-- Try it --
Retype the records in full, keeping each character as it is.

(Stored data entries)

lemma nu_pos: "\<exists>\<delta>>0. 0 < \<nu> \<delta>"
proof (rule ccontr)
  assume "\<not> ?thesis"
  then have "\<nu> r = 0" if "0 < r" for r using that by (meson leD not_gr_zero)
  then have "(\<lambda>x::'a. ennreal (min 1 (norm x ^ 2 / r ^ 2)) * \<nu> (norm x)) = (\<lambda>_. 0)" for r
    by (intro ext, case_tac "x = 0") auto
  then have "hfun TYPE('a) \<nu> r = 0" for r by (simp add: hfun_def)
  moreover have "filterlim (hfun TYPE('a) \<nu>) at_top (at_right 0)"
    using adm unfolding admissible_nu_def by blast
  then have "\<forall>\<^sub>F r in at_right 0. 1 \<le> hfun TYPE('a) \<nu> r"
    by (simp add: filterlim_at_top)
  ultimately show False
    by (simp add: trivial_limit_at_right_real)
qed

subsection \<open>The function h and its inverse\<close>

lemma h_integral_less_top: "0 \<le> q \<Longrightarrow> h_integral TYPE('a) \<nu> q < \<infinity>"
  unfolding h_integral_def
  by (rule nn_integral_radial_less_top[of _ "max 1 (q^2)"]) (auto intro: min_one_power2_mult_le)

lemma ennreal_hfun: "0 < r \<Longrightarrow> ennreal (hfun TYPE('a) \<nu> r) = h_integral TYPE('a) \<nu> (inverse r)"
  using h_integral_less_top[of "inverse r"]
  by (simp add: hfun_def h_integral_def power_mult_distrib divide_inverse power_inverse less_top)

lemma h_integral_strict_mono:
  assumes pq: "0 \<le> p" "p < q"
  shows "h_integral TYPE('a) \<nu> p < h_integral TYPE('a) \<nu> q"
proof -
  define f where "f q x = ennreal (min 1 ((norm x * q) ^ 2)) * \<nu> (norm x)" for q and x :: 'a
  have [measurable]: "f q \<in> borel_measurable lborel" for q unfolding f_def by measurable
  obtain \<delta> where \<delta>: "0 < \<delta>" "0 < \<nu> \<delta>" using nu_pos by blast
  define B where "B = ball (0::'a) (min \<delta> (1 / q)) - {0}"
  have "f p x < f q x" if "x \<in> B" for x
  proof -
    have n: "0 < norm x" "norm x \<le> \<delta>" "norm x * q < 1"
      using that pq by (auto simp: B_def field_simps)
    have "0 < \<nu> (norm x)" using nu_antimono[of "norm x" \<delta>] n \<delta> by simp
    then obtain w where w: "\<nu> (norm x) = ennreal w" "0 < w"
      using nu_less_top[OF n(1)] by (cases "\<nu> (norm x)") auto
    have "(norm x * p) ^ 2 < (norm x * q) ^ 2"
      using n pq by (intro power_strict_mono mult_strict_left_mono) auto
    moreover have "(norm x * q) ^ 2 < 1" using n pq by (simp add: power_less_one_iff)
    ultimately show ?thesis
      using w by (simp add: f_def ennreal_mult''[symmetric] ennreal_less_iff)
  qed
  moreover have "0 < emeasure lborel B"
    unfolding B_def using \<delta> pq by (intro emeasure_punctured_ball_pos) auto
  ultimately have "\<not> (AE x in lborel. f q x \<le> f p x)"
  proof (intro notI)
    assume "AE x in lborel. f q x \<le> f p x"
    then have "AE x in lborel. x \<notin> B"
      by eventually_elim (use \<open>\<And>x. x \<in> B \<Longrightarrow> f p x < f q x\<close> in force)
    then have "B \<in> null_sets lborel" by (subst AE_iff_null_sets) (auto simp: B_def)
    then show False using \<open>0 < emeasure lborel B\<close> by (simp add: null_setsD1)
  qed
  moreover have "f p x \<le> f q x" for x
    unfolding f_def using pq
    by (intro mult_right_mono ennreal_leI min.mono power_mono mult_left_mono) auto
  ultimately show ?thesis
    using h_integral_less_top[of p] pq unfolding h_integral_def f_def[symmetric]
    by (intro nn_integral_less) auto
qed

-- Task response --
lemma nu_pos: "\<exists>\<delta>>0. 0 < \<nu> \<delta>"
proof (rule ccontr)
  assume "\<not> ?thesis"
  then have "\<nu> r = 0" if "0 < r" for r using that by (meson leD not_gr_zero)
  then have "(\<lambda>x::'a. ennreal (min 1 (norm x ^ 2 / r ^ 2)) * \<nu> (norm x)) = (\<lambda>_. 0)" for r
    by (intro ext, case_tac "x = 0") auto
  then have "hfun TYPE('a) \<nu> r = 0" for r by (simp add: hfun_def)
  moreover have "filterlim (hfun TYPE('a) \<nu>) at_top (at_right 0)"
    using adm unfolding admissible_nu_def by blast
  then have "\<forall>\<^sub>F r in at_right 0. 1 \<le> hfun TYPE('a) \<nu> r"
    by (simp add: filterlim_at_top)
  ultimately show False
    by (simp add: trivial_limit_at_right_real)
qed

subsection \<open>The function h and its inverse\<close>

lemma h_integral_less_top: "0 \<le> q \<Longrightarrow> h_integral TYPE('a) \<nu> q < \<infinity>"
  unfolding h_integral_def
  by (rule nn_integral_radial_less_top[of _ "max 1 (q^2)"]) (auto intro: min_one_power2_mult_le)

lemma ennreal_hfun: "0 < r \<Longrightarrow> ennreal (hfun TYPE('a) \<nu> r) = h_integral TYPE('a) \<nu> (inverse r)"
  using h_integral_less_top[of "inverse r"]
  by (simp add: hfun_def h_integral_def power_mult_distrib divide_inverse power_inverse less_top)

lemma h_integral_strict_mono:
  assumes pq: "0 \<le> p" "p < q"
  shows "h_integral TYPE('a) \<nu> p < h_integral TYPE('a) \<nu> q"
proof -
  define f where "f q x = ennreal (min 1 ((norm x * q) ^ 2)) * \<nu> (norm x)" for q and x :: 'a
  have [measurable]: "f q \<in> borel_measurable lborel" for q unfolding f_def by measurable
  obtain \<delta> where \<delta>: "0 < \<delta>" "0 < \<nu> \<delta>" using nu_pos by blast
  define B where "B = ball (0::'a) (min \<delta> (1 / q)) - {0}"
  have "f p x < f q x" if "x \<in> B" for x
  proof -
    have n: "0 < norm x" "norm x \<le> \<delta>" "norm x * q < 1"
      using that pq by (auto simp: B_def field_simps)
    have "0 < \<nu> (norm x)" using nu_antimono[of "norm x" \<delta>] n \<delta> by simp
    then obtain w where w: "\<nu> (norm x) = ennreal w" "0 < w"
      using nu_less_top[OF n(1)] by (cases "\<nu> (norm x)") auto
    have "(norm x * p) ^ 2 < (norm x * q) ^ 2"
      using n pq by (intro power_strict_mono mult_strict_left_mono) auto
    moreover have "(norm x * q) ^ 2 < 1" using n pq by (simp add: power_less_one_iff)
    ultimately show ?thesis
      using w by (simp add: f_def ennreal_mult''[symmetric] ennreal_less_iff)
  qed
  moreover have "0 < emeasure lborel B"
    unfolding B_def using \<delta> pq by (intro emeasure_punctured_ball_pos) auto
  ultimately have "\<not> (AE x in lborel. f q x \<le> f p x)"
  proof (intro notI)
    assume "AE x in lborel. f q x \<le> f p x"
    then have "AE x in lborel. x \<notin> B"
      by eventually_elim (use \<open>\<And>x. x \<in> B \<Longrightarrow> f p x < f q x\<close> in force)
    then have "B \<in> null_sets lborel" by (subst AE_iff_null_sets) (auto simp: B_def)
    then show False using \<open>0 < emeasure lborel B\<close> by (simp add: null_setsD1)
  qed
  moreover have "f p x \<le> f q x" for x
    unfolding f_def using pq
    by (intro mult_right_mono ennreal_leI min.mono power_mono mult_left_mono) auto
  ultimately show ?thesis
    using h_integral_less_top[of p] pq unfolding h_integral_def f_def[symmetric]
    by (intro nn_integral_less) auto
qed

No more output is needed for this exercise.